▸ **Dataset entries**:
lemma convex_fun_set_AE_close:
  "convex_fun_set {Y \<in> L0_plus M. \<forall>B\<in>F. AE \<omega> in M. \<omega> \<in> B \<longrightarrow> \<bar>Y \<omega> - X \<omega>\<bar> < \<delta>}"
  unfolding convex_fun_set_def
proof (intro ballI allI impI)
  fix Y Z and t :: real
  assume Y: "Y \<in> {Y \<in> L0_plus M. \<forall>B\<in>F. AE \<omega> in M. \<omega> \<in> B \<longrightarrow> \<bar>Y \<omega> - X \<omega>\<bar> < \<delta>}"
    and Z: "Z \<in> {Y \<in> L0_plus M. \<forall>B\<in>F. AE \<omega> in M. \<omega> \<in> B \<longrightarrow> \<bar>Y \<omega> - X \<omega>\<bar> < \<delta>}"
    and t: "0 \<le> t \<and> t \<le> 1"
  have convex_abs_less: "\<bar>t * y + (1 - t) * z - x\<bar> < \<delta>"
    if "\<bar>y - x\<bar> < \<delta>" "\<bar>z - x\<bar> < \<delta>" for x y z :: real
  proof -
    have "t * y + (1 - t) * z - x = t * (y - x) + (1 - t) * (z - x)"
      by (simp add: algebra_simps)
    also have "\<bar>\<dots>\<bar> \<le> t * \<bar>y - x\<bar> + (1 - t) * \<bar>z - x\<bar>"
      using t abs_triangle_ineq[of "t * (y - x)" "(1 - t) * (z - x)"] by (simp add: abs_mult)
    also have "\<dots> < \<delta>"
      using t that by (intro convex_bound_lt) auto
    finally show ?thesis .
  qed
  have "(\<lambda>\<omega>. t * Y \<omega> + (1 - t) * Z \<omega>) \<in> L0_plus M"
  proof -
    have "AE \<omega> in M. 0 \<le> Y \<omega>" "AE \<omega> in M. 0 \<le> Z \<omega>" using Y Z by (auto simp: L0_plus_def)
    then have "AE \<omega> in M. 0 \<le> t * Y \<omega> + (1 - t) * Z \<omega>"
      by eventually_elim (use t in auto)
    then show ?thesis using Y Z by (auto simp: L0_plus_def)
  qed
  moreover have "AE \<omega> in M. \<omega> \<in> B \<longrightarrow> \<bar>t * Y \<omega> + (1 - t) * Z \<omega> - X \<omega>\<bar> < \<delta>" if "B \<in> F" for B
  proof -
    have "AE \<omega> in M. \<omega> \<in> B \<longrightarrow> \<bar>Y \<omega> - X \<omega>\<bar> < \<delta>" "AE \<omega> in M. \<omega> \<in> B \<longrightarrow> \<bar>Z \<omega> - X \<omega>\<bar> < \<delta>"
      using Y Z that by auto
    then show ?thesis by eventually_elim (use convex_abs_less in blast)
  qed
  ultimately show "(\<lambda>\<omega>. t * Y \<omega> + (1 - t) * Z \<omega>) \<in>
      {Y \<in> L0_plus M. \<forall>B\<in>F. AE \<omega> in M. \<omega> \<in> B \<longrightarrow> \<bar>Y \<omega> - X \<omega>\<bar> < \<delta>}"
    by (intro CollectI conjI ballI)
qed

▸ **What is required**: Every record should be given again without alteration.

▸ **Task output**:
lemma convex_fun_set_AE_close:
  "convex_fun_set {Y \<in> L0_plus M. \<forall>B\<in>F. AE \<omega> in M. \<omega> \<in> B \<longrightarrow> \<bar>Y \<omega> - X \<omega>\<bar> < \<delta>}"
  unfolding convex_fun_set_def
proof (intro ballI allI impI)
  fix Y Z and t :: real
  assume Y: "Y \<in> {Y \<in> L0_plus M. \<forall>B\<in>F. AE \<omega> in M. \<omega> \<in> B \<longrightarrow> \<bar>Y \<omega> - X \<omega>\<bar> < \<delta>}"
    and Z: "Z \<in> {Y \<in> L0_plus M. \<forall>B\<in>F. AE \<omega> in M. \<omega> \<in> B \<longrightarrow> \<bar>Y \<omega> - X \<omega>\<bar> < \<delta>}"
    and t: "0 \<le> t \<and> t \<le> 1"
  have convex_abs_less: "\<bar>t * y + (1 - t) * z - x\<bar> < \<delta>"
    if "\<bar>y - x\<bar> < \<delta>" "\<bar>z - x\<bar> < \<delta>" for x y z :: real
  proof -
    have "t * y + (1 - t) * z - x = t * (y - x) + (1 - t) * (z - x)"
      by (simp add: algebra_simps)
    also have "\<bar>\<dots>\<bar> \<le> t * \<bar>y - x\<bar> + (1 - t) * \<bar>z - x\<bar>"
      using t abs_triangle_ineq[of "t * (y - x)" "(1 - t) * (z - x)"] by (simp add: abs_mult)
    also have "\<dots> < \<delta>"
      using t that by (intro convex_bound_lt) auto
    finally show ?thesis .
  qed
  have "(\<lambda>\<omega>. t * Y \<omega> + (1 - t) * Z \<omega>) \<in> L0_plus M"
  proof -
    have "AE \<omega> in M. 0 \<le> Y \<omega>" "AE \<omega> in M. 0 \<le> Z \<omega>" using Y Z by (auto simp: L0_plus_def)
    then have "AE \<omega> in M. 0 \<le> t * Y \<omega> + (1 - t) * Z \<omega>"
      by eventually_elim (use t in auto)
    then show ?thesis using Y Z by (auto simp: L0_plus_def)
  qed
  moreover have "AE \<omega> in M. \<omega> \<in> B \<longrightarrow> \<bar>t * Y \<omega> + (1 - t) * Z \<omega> - X \<omega>\<bar> < \<delta>" if "B \<in> F" for B
  proof -
    have "AE \<omega> in M. \<omega> \<in> B \<longrightarrow> \<bar>Y \<omega> - X \<omega>\<bar> < \<delta>" "AE \<omega> in M. \<omega> \<in> B \<longrightarrow> \<bar>Z \<omega> - X \<omega>\<bar> < \<delta>"
      using Y Z that by auto
    then show ?thesis by eventually_elim (use convex_abs_less in blast)
  qed
  ultimately show "(\<lambda>\<omega>. t * Y \<omega> + (1 - t) * Z \<omega>) \<in>
      {Y \<in> L0_plus M. \<forall>B\<in>F. AE \<omega> in M. \<omega> \<in> B \<longrightarrow> \<bar>Y \<omega> - X \<omega>\<bar> < \<delta>}"
    by (intro CollectI conjI ballI)
qed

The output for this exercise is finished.